Saved data entries
..............................
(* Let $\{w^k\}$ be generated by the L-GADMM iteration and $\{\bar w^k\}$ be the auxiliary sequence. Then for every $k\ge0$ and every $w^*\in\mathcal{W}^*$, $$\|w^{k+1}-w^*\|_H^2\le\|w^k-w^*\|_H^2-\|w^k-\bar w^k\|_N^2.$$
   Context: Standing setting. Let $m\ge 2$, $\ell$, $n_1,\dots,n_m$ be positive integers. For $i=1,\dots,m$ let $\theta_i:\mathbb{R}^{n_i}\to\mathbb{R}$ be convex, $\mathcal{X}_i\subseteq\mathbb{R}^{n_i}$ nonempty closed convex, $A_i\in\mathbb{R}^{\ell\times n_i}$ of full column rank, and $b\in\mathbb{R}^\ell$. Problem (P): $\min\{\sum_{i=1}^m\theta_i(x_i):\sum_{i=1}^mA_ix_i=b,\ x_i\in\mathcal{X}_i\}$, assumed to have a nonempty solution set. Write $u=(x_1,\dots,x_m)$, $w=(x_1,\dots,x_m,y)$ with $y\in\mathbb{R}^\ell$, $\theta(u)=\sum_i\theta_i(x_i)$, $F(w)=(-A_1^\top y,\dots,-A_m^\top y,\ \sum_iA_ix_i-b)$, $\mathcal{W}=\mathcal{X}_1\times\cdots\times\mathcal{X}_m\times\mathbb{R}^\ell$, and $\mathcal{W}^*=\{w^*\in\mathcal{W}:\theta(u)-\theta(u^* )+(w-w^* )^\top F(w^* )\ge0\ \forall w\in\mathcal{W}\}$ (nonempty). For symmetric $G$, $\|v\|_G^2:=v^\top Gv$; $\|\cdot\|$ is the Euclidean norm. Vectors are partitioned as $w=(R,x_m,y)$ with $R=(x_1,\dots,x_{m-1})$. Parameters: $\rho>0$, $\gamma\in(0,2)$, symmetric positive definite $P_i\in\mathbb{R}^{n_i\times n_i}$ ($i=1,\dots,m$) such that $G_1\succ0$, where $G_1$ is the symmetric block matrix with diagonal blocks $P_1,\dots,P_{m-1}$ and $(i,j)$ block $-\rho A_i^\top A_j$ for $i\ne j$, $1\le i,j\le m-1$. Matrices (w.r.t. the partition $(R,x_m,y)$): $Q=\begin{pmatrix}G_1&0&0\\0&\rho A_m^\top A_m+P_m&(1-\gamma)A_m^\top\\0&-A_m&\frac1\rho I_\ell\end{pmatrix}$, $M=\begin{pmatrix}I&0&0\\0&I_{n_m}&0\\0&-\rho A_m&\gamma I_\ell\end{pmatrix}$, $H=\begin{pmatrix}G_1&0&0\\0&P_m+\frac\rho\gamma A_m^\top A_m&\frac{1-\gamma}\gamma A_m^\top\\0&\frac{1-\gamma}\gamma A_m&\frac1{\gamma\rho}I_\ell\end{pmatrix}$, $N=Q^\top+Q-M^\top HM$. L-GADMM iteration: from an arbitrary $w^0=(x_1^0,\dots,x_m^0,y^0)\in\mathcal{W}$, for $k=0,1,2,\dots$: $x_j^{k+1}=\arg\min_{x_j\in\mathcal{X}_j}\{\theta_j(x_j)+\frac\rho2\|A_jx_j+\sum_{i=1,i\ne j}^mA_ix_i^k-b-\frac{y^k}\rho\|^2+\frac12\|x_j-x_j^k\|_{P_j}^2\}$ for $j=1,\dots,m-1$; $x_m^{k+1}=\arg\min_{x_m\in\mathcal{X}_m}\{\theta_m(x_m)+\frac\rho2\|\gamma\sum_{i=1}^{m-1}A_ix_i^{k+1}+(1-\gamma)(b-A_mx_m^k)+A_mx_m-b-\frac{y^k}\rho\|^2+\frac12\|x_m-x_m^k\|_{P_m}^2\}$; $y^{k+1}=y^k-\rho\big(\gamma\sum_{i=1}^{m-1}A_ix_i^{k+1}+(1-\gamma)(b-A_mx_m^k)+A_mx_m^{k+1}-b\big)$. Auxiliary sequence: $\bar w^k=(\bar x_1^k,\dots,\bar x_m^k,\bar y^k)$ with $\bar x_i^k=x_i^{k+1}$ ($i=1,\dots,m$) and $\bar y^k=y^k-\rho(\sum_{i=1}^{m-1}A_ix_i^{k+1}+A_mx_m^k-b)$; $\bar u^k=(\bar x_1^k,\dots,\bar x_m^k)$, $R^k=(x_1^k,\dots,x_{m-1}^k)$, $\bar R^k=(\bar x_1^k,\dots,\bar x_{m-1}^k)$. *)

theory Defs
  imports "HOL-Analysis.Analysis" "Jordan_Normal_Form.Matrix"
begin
..............................
## BRIEF
Restate all entries above verbatim.

## TASK OUTPUT
(* Let $\{w^k\}$ be generated by the L-GADMM iteration and $\{\bar w^k\}$ be the auxiliary sequence. Then for every $k\ge0$ and every $w^*\in\mathcal{W}^*$, $$\|w^{k+1}-w^*\|_H^2\le\|w^k-w^*\|_H^2-\|w^k-\bar w^k\|_N^2.$$
   Context: Standing setting. Let $m\ge 2$, $\ell$, $n_1,\dots,n_m$ be positive integers. For $i=1,\dots,m$ let $\theta_i:\mathbb{R}^{n_i}\to\mathbb{R}$ be convex, $\mathcal{X}_i\subseteq\mathbb{R}^{n_i}$ nonempty closed convex, $A_i\in\mathbb{R}^{\ell\times n_i}$ of full column rank, and $b\in\mathbb{R}^\ell$. Problem (P): $\min\{\sum_{i=1}^m\theta_i(x_i):\sum_{i=1}^mA_ix_i=b,\ x_i\in\mathcal{X}_i\}$, assumed to have a nonempty solution set. Write $u=(x_1,\dots,x_m)$, $w=(x_1,\dots,x_m,y)$ with $y\in\mathbb{R}^\ell$, $\theta(u)=\sum_i\theta_i(x_i)$, $F(w)=(-A_1^\top y,\dots,-A_m^\top y,\ \sum_iA_ix_i-b)$, $\mathcal{W}=\mathcal{X}_1\times\cdots\times\mathcal{X}_m\times\mathbb{R}^\ell$, and $\mathcal{W}^*=\{w^*\in\mathcal{W}:\theta(u)-\theta(u^* )+(w-w^* )^\top F(w^* )\ge0\ \forall w\in\mathcal{W}\}$ (nonempty). For symmetric $G$, $\|v\|_G^2:=v^\top Gv$; $\|\cdot\|$ is the Euclidean norm. Vectors are partitioned as $w=(R,x_m,y)$ with $R=(x_1,\dots,x_{m-1})$. Parameters: $\rho>0$, $\gamma\in(0,2)$, symmetric positive definite $P_i\in\mathbb{R}^{n_i\times n_i}$ ($i=1,\dots,m$) such that $G_1\succ0$, where $G_1$ is the symmetric block matrix with diagonal blocks $P_1,\dots,P_{m-1}$ and $(i,j)$ block $-\rho A_i^\top A_j$ for $i\ne j$, $1\le i,j\le m-1$. Matrices (w.r.t. the partition $(R,x_m,y)$): $Q=\begin{pmatrix}G_1&0&0\\0&\rho A_m^\top A_m+P_m&(1-\gamma)A_m^\top\\0&-A_m&\frac1\rho I_\ell\end{pmatrix}$, $M=\begin{pmatrix}I&0&0\\0&I_{n_m}&0\\0&-\rho A_m&\gamma I_\ell\end{pmatrix}$, $H=\begin{pmatrix}G_1&0&0\\0&P_m+\frac\rho\gamma A_m^\top A_m&\frac{1-\gamma}\gamma A_m^\top\\0&\frac{1-\gamma}\gamma A_m&\frac1{\gamma\rho}I_\ell\end{pmatrix}$, $N=Q^\top+Q-M^\top HM$. L-GADMM iteration: from an arbitrary $w^0=(x_1^0,\dots,x_m^0,y^0)\in\mathcal{W}$, for $k=0,1,2,\dots$: $x_j^{k+1}=\arg\min_{x_j\in\mathcal{X}_j}\{\theta_j(x_j)+\frac\rho2\|A_jx_j+\sum_{i=1,i\ne j}^mA_ix_i^k-b-\frac{y^k}\rho\|^2+\frac12\|x_j-x_j^k\|_{P_j}^2\}$ for $j=1,\dots,m-1$; $x_m^{k+1}=\arg\min_{x_m\in\mathcal{X}_m}\{\theta_m(x_m)+\frac\rho2\|\gamma\sum_{i=1}^{m-1}A_ix_i^{k+1}+(1-\gamma)(b-A_mx_m^k)+A_mx_m-b-\frac{y^k}\rho\|^2+\frac12\|x_m-x_m^k\|_{P_m}^2\}$; $y^{k+1}=y^k-\rho\big(\gamma\sum_{i=1}^{m-1}A_ix_i^{k+1}+(1-\gamma)(b-A_mx_m^k)+A_mx_m^{k+1}-b\big)$. Auxiliary sequence: $\bar w^k=(\bar x_1^k,\dots,\bar x_m^k,\bar y^k)$ with $\bar x_i^k=x_i^{k+1}$ ($i=1,\dots,m$) and $\bar y^k=y^k-\rho(\sum_{i=1}^{m-1}A_ix_i^{k+1}+A_mx_m^k-b)$; $\bar u^k=(\bar x_1^k,\dots,\bar x_m^k)$, $R^k=(x_1^k,\dots,x_{m-1}^k)$, $\bar R^k=(\bar x_1^k,\dots,\bar x_{m-1}^k)$. *)

theory Defs
  imports "HOL-Analysis.Analysis" "Jordan_Normal_Form.Matrix"
begin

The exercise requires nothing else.